Матерь глазам своим не поверила – ожидала, что я ей обычный букет цветов притащу из гаража. Полки эти ее прям в восторг привели, хотя это вообще-то просто деревяшки да дюбеля, но я все же хорошо постарался, пока делал. Разжился классными длинномерами, оставшимися от церковных скамеек у Мурта в сарае. Мы со Скоком вынесли старые полки, пока Матерь спала, и поставили эти. Я даже сфоткал, как оно все было, чтоб расставить все в точности по местам.
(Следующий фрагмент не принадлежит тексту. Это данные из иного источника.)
lemma block_index_eq:
  assumes "strict_mono N" and "N i \<le> n" and "n < N (Suc i)"
  shows "block_index N n = i"
  unfolding block_index_def
proof (rule Least_equality)
  show "i \<le> l" if "n < N (Suc l)" for l
  proof (rule ccontr)
    assume "\<not> i \<le> l"
    then have "N (Suc l) \<le> N i" using strict_mono_less_eq[OF assms(1)] by simp
    then show False using that assms(2) by linarith
  qed
qed (use assms in auto)

lemma less_next_block_index: "strict_mono N \<Longrightarrow> n < N (Suc (block_index N n))"
  unfolding block_index_def
  by (rule LeastI[of _ n]) (meson Suc_le_lessD seq_suble)

lemma block_index_less: "N 0 = 0 \<Longrightarrow> n < N i \<Longrightarrow> block_index N n < i"
  unfolding block_index_def
  by (cases i) (auto intro: le_less_trans[OF Least_le])

context
  fixes x :: "nat \<Rightarrow> nat \<Rightarrow> real" and \<delta> :: real
  assumes space: "\<And>j. x j \<in> tandori_space"
    and coord: "\<And>k. (\<lambda>j. x j k) \<longlonglongrightarrow> 0"
    and delta_pos: "0 < \<delta>"
    and big_tails: "\<And>N. \<exists>\<^sub>F j in sequentially. 4 * \<delta> < (\<Sum>n. tilde (x j) (n + N))"
begin

text \<open>\<open>B\<close> bounds the coordinates read on \<open>[0, N)\<close> by the blocks built so far.\<close>

definition hump_block :: "nat \<Rightarrow> nat \<Rightarrow> nat \<Rightarrow> nat \<Rightarrow> nat \<Rightarrow> bool" where
  "hump_block N B j N' B' \<longleftrightarrow> N \<le> j \<and> real N * (\<Sum>k<B. \<bar>x j k\<bar>) \<le> \<delta> \<and> N < N' \<and>
     2 * \<delta> \<le> (\<Sum>n\<in>{N..<N'}. \<bar>x j (near_sup_index (x j) n)\<bar>) \<and>
     (\<Sum>n. tilde (x j) (n + N')) \<le> \<delta> / 2 \<and>
     B \<le> B' \<and> (\<forall>n<N'. near_sup_index (x j) n < B')"

lemma hump_block_exists: "\<exists>j N' B'. hump_block N B j N' B'"
proof -
  have "(\<lambda>j. real N * (\<Sum>k<B. \<bar>x j k\<bar>)) \<longlonglongrightarrow> 0"
    by (intro tendsto_mult_right_zero tendsto_null_sum tendsto_rabs_zero coord)
  then have "\<forall>\<^sub>F j in sequentially. real N * (\<Sum>k<B. \<bar>x j k\<bar>) < \<delta>"
    using delta_pos by (rule order_tendstoD)
  then have "\<forall>\<^sub>F j in sequentially. N \<le> j \<and> real N * (\<Sum>k<B. \<bar>x j k\<bar>) < \<delta>"
    by (intro eventually_conj eventually_ge_at_top)
  from frequently_ex[OF frequently_eventually_conj[OF big_tails this]]
  obtain j where j: "N \<le> j" "real N * (\<Sum>k<B. \<bar>x j k\<bar>) < \<delta>"
    and big: "4 * \<delta> < (\<Sum>n. tilde (x j) (n + N))"
    by blast
  have "(\<lambda>m. \<Sum>n<m. tilde (x j) (n + N)) \<longlonglongrightarrow> (\<Sum>n. tilde (x j) (n + N))"
    by (rule summable_LIMSEQ[OF summable_tilde_tail[OF space]])
  from eventually_happens'[OF _ order_tendstoD(1)[OF this big]]
  obtain m where m: "4 * \<delta> < (\<Sum>n<m. tilde (x j) (n + N))"
    by auto
  obtain N0 where N0: "\<And>n. N0 \<le> n \<Longrightarrow> \<bar>\<Sum>i. tilde (x j) (i + n)\<bar> < \<delta> / 2"
    using suminf_exist_split[OF _ summable_tilde[OF space], of "\<delta> / 2" j] delta_pos by auto
  define N' where "N' = Suc (max (N + m) N0)"
  define B' where "B' = max B (Suc (Max (near_sup_index (x j) ` {..<N'})))"
  have "4 * \<delta> < (\<Sum>n\<in>{N..<N + m}. tilde (x j) n)"
    using m sum.shift_bounds_nat_ivl[of "tilde (x j)" 0 N m] by (simp add: lessThan_atLeast0 add.commute)
  also have "\<dots> \<le> (\<Sum>n\<in>{N..<N + m}. 2 * \<bar>x j (near_sup_index (x j) n)\<bar>)"
    by (rule sum_mono) (rule near_sup_index(2)[OF space])
  also have "\<dots> \<le> (\<Sum>n\<in>{N..<N'}. 2 * \<bar>x j (near_sup_index (x j) n)\<bar>)"
    by (rule sum_mono2) (auto simp: N'_def)
  finally have "2 * \<delta> \<le> (\<Sum>n\<in>{N..<N'}. \<bar>x j (near_sup_index (x j) n)\<bar>)"
    by (simp add: sum_distrib_left[symmetric])
  moreover have "(\<Sum>n. tilde (x j) (n + N')) \<le> \<delta> / 2"
    using N0[of N'] by (fastforce simp: N'_def)
  moreover have "near_sup_index (x j) n < B'" if "n < N'" for n
    unfolding B'_def using that by (simp add: le_imp_less_Suc less_max_iff_disj)
  ultimately have "hump_block N B j N' B'"
    using j by (auto simp: hump_block_def N'_def B'_def)
  then show ?thesis by blast
qed

lemma hump_sequence_exists:
  "\<exists>Ns Bs js. Ns 0 = 0 \<and> (\<forall>i. hump_block (Ns i) (Bs i) (js i) (Ns (Suc i)) (Bs (Suc i)))"
proof -
  obtain nextj nextN nextB
    where choice: "\<And>N B. hump_block N B (nextj N B) (nextN N B) (nextB N B)"
    using hump_block_exists by metis
  define bounds where "bounds i = ((\<lambda>(N, B). (nextN N B, nextB N B)) ^^ i) (0, 0)" for i
  define Ns where "Ns i = fst (bounds i)" for i
  define Bs where "Bs i = snd (bounds i)" for i
  have "hump_block (Ns i) (Bs i) (nextj (Ns i) (Bs i)) (Ns (Suc i)) (Bs (Suc i))" for i
    using choice[of "Ns i" "Bs i"] by (simp add: Ns_def Bs_def bounds_def split_beta)
  moreover have "Ns 0 = 0" by (simp add: Ns_def bounds_def)
  ultimately show ?thesis
    by (intro exI[of _ Ns] exI[of _ Bs] exI[of _ "\<lambda>i. nextj (Ns i) (Bs i)"]) simp
qed

definition hump_index :: "(nat \<Rightarrow> nat) \<Rightarrow> (nat \<Rightarrow> nat) \<Rightarrow> nat \<Rightarrow> nat" where
  "hump_index Ns js n = near_sup_index (x (js (block_index Ns n))) n"

definition hump_functional :: "(nat \<Rightarrow> nat) \<Rightarrow> (nat \<Rightarrow> nat) \<Rightarrow> (nat \<Rightarrow> real) \<Rightarrow> real" where
  "hump_functional Ns js = sampling_functional
     (\<lambda>n. sgn (x (js (block_index Ns n)) (hump_index Ns js n))) (hump_index Ns js)"

lemma hump_functional_in_tandori_dual: "hump_functional Ns js \<in> tandori_dual"
  unfolding hump_functional_def
  by (rule sampling_functional_in_tandori_dual)
     (simp_all add: abs_sgn_eq hump_index_def near_sup_index(1)[OF space])

context
  fixes Ns Bs js :: "nat \<Rightarrow> nat"
  assumes Ns0: "Ns 0 = 0"
    and blocks: "\<And>i. hump_block (Ns i) (Bs i) (js i) (Ns (Suc i)) (Bs (Suc i))"
begin

lemma strict_mono_hump_starts: "strict_mono Ns"
  using blocks by (simp add: strict_mono_Suc_iff hump_block_def)

lemma hump_index_less_bound:
  assumes "n < Ns i"
  shows "hump_index Ns js n < Bs i"
proof -
  define l where "l = block_index Ns n"
  have "hump_index Ns js n < Bs (Suc l)"
    using blocks[of l] less_next_block_index[OF strict_mono_hump_starts, of n]
    by (simp add: hump_block_def hump_index_def l_def)
  also have "Bs (Suc l) \<le> Bs i"
  proof -
    have "incseq Bs" using blocks by (intro incseq_SucI) (simp add: hump_block_def)
    moreover have "Suc l \<le> i" using block_index_less[of Ns, OF Ns0 assms] by (simp add: l_def)
    ultimately show ?thesis by (rule incseqD)
  qed
  finally show ?thesis .
qed
(* Let $X$ and $Y$ be Hausdorff compact spaces and $\pi: X \to Y$ a fully closed continuous surjection. Let $y_1, \dots, y_n \in Y$ be distinct points and, for each $i = 1,\dots,n$, let $f_i$ be a real-valued continuous function on $\pi^{-1}(y_i)$. Then there exists $\tilde f \in C(X)$ such that $\tilde f|_{\pi^{-1}(y_i)} = f_i$ for $i=1,\dots,n$ and $\tilde f$ has oscillation $0$ (i.e. is constant) on $\pi^{-1}(y')$ for every $y' \in Y \setminus \{y_1,\dots,y_n\}$.
   Context: A continuous surjection $\pi: X \to Y$ between Hausdorff compacta is fully closed if for any two closed disjoint subsets $F_1, F_2 \subset X$ the set $\pi(F_1)\cap\pi(F_2)$ is finite. $C(X)$ denotes the real continuous functions on $X$. *)

theory Defs
  imports "HOL-Analysis.Analysis"
begin

definition fully_closed :: "'a topology \<Rightarrow> 'b topology \<Rightarrow> ('a \<Rightarrow> 'b) \<Rightarrow> bool" where
  "fully_closed X Y \<pi> \<longleftrightarrow>
     (\<forall>F1 F2. closedin X F1 \<and> closedin X F2 \<and> F1 \<inter> F2 = {} \<longrightarrow>
        finite (\<pi> ` F1 \<inter> \<pi> ` F2))"

definition fibre :: "'a topology \<Rightarrow> ('a \<Rightarrow> 'b) \<Rightarrow> 'b \<Rightarrow> 'a set" where
  "fibre X \<pi> y = {x \<in> topspace X. \<pi> x = y}"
Пацаны прислали из Австралии бутылку шампанского и кенгуровые какашки. Какашки оказались шоколадом, но Матерь похохотала нормально так с этого дела. Прилетела очередная открытка от Мосси – фото его самого на рыболовном траулере и чумовой стишок собственного сочинения. С марками из Марокко. Бородища у него как у чувака из Аль-Каиды. Матерь все ждет увидеть его в новостях из Сирии или Ирака, но этот идиёт может запросто тусоваться с отцами Святого Духа в Килтегане[32].
– Вы в порядке? – спрашивает Джун. – У вас вид уставший.
Говорю, у меня голова забита всяким, бормочу, дескать, ночью был несчастный случай.
– В больницу мотались? – спрашивает, вид у нее озабоченный.
– Не. – Ни за что не буду я вдаваться в эту херню про Берни. – С другом. Оказалось, ничего страшного.
Вместо того чтобы гнуть эту линию дальше, я ляпаю:
– А подруга ваша не здесь?
– Что? – спрашивает она.
– Та, другая женщина. Ваша… – приходится еще раз это произнести, – ваша подруга.
– Как-как? – говорит она и смотрит на пацана, будто это все его проделки. Тот театрально пожимает плечами.
– Вчерашняя.
– Марисса?
– Я не уловил ее имени.
– Мы вместе работаем. В детском проекте на Баррак-стрит.
– Не понял.
– “Живые дети”. Я работаю с подростками.
Чесотка, вши, куча малышни. Теперь мне все ясно – это новое место для малолеток с херовым детством. Хеннесси вот только что про это говорил на работе – что у Каролин Райлли пацан посещает какое-то место на Баррак-стрит, чтоб голову на место поставить ему после того, как папаша его сдернул с мамашиной сестрицей. Малец с катушек слетел напрочь – уехал на газонокосилке на парковку перед “Лидлом”. Чуть ноги какой-то старушке не оторвал, завалил ей тележку у столбиков. Хеннесси гонками с перегрузом увлекается, рядом с парком Гоуран, так он наткнулся там на эту команду с целым выводком детворы. Какой от этого прок, спрашиваю. Нам давали по башке и выгоняли дрова рубить на неделю. А Скок говорит, мать жрет снотворное и в отключке с утра до ночи. Сказал, что ребенок, считай, сам себя растит с восьми лет. Пусть спустит пар на гонках, говорит, – все лучше, чем петарды в почтовые ящики запихивать.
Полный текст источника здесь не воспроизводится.